WHAT YOU WILL DO
Count up the lines below in which the string "circle" appears. The reply should be that number alone.

● ● ● ● ● ● ●

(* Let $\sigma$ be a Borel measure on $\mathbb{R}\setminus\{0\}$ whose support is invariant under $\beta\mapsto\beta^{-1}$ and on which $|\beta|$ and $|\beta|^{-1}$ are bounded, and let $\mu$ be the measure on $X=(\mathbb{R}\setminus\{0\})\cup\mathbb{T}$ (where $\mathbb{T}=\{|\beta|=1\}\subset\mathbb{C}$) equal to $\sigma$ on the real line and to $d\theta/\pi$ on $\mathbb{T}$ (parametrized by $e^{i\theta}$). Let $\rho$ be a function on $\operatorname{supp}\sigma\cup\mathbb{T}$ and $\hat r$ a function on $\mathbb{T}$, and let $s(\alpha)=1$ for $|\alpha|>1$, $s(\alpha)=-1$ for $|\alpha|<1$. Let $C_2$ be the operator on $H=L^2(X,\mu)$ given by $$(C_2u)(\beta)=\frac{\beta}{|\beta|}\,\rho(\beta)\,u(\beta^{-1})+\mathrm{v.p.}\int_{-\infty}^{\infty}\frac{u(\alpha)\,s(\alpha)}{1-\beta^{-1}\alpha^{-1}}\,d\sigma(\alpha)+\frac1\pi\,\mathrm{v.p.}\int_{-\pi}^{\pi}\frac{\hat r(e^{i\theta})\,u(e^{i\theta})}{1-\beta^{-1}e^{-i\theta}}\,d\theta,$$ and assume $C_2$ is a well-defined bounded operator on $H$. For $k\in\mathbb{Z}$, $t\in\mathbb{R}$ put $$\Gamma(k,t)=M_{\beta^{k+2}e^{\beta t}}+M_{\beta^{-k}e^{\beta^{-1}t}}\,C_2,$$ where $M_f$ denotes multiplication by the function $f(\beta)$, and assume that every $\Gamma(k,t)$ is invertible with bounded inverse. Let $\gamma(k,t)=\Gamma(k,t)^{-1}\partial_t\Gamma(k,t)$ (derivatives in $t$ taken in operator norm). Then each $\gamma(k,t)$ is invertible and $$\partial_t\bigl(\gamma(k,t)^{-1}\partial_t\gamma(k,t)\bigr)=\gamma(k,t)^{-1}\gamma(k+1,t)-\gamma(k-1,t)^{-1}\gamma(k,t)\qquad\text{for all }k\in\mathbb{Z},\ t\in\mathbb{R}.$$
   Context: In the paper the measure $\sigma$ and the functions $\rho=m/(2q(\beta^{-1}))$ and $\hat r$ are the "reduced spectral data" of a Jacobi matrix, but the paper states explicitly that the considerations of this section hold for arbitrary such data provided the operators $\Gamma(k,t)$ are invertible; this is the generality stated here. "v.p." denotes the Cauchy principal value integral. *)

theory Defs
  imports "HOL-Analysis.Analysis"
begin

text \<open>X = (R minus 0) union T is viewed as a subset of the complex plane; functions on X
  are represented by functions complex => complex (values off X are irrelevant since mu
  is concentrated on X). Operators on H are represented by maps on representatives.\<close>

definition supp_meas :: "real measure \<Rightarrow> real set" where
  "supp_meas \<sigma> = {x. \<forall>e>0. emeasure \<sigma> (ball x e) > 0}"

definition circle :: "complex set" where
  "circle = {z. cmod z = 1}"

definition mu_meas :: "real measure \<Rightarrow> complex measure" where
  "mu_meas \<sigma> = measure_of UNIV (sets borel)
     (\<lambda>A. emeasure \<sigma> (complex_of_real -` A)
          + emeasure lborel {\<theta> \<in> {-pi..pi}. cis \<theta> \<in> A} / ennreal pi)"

● ● ● ● ● ● ●

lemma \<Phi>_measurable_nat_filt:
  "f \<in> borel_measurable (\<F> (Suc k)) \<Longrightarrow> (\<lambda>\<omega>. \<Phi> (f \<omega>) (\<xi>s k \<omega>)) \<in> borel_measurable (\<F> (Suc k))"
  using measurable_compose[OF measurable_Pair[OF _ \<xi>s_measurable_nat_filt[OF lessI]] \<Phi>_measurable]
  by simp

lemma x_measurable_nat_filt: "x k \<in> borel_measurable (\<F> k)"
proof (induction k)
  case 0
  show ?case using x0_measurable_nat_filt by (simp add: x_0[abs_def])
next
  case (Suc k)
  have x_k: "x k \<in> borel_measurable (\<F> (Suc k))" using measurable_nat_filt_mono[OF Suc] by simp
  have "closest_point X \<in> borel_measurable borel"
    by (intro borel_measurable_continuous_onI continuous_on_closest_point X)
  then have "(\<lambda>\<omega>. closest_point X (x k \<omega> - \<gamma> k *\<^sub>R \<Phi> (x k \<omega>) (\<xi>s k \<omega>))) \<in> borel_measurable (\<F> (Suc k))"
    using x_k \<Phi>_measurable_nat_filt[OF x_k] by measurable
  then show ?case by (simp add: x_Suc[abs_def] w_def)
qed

● ● ● ● ● ● ●

RESPONSE
2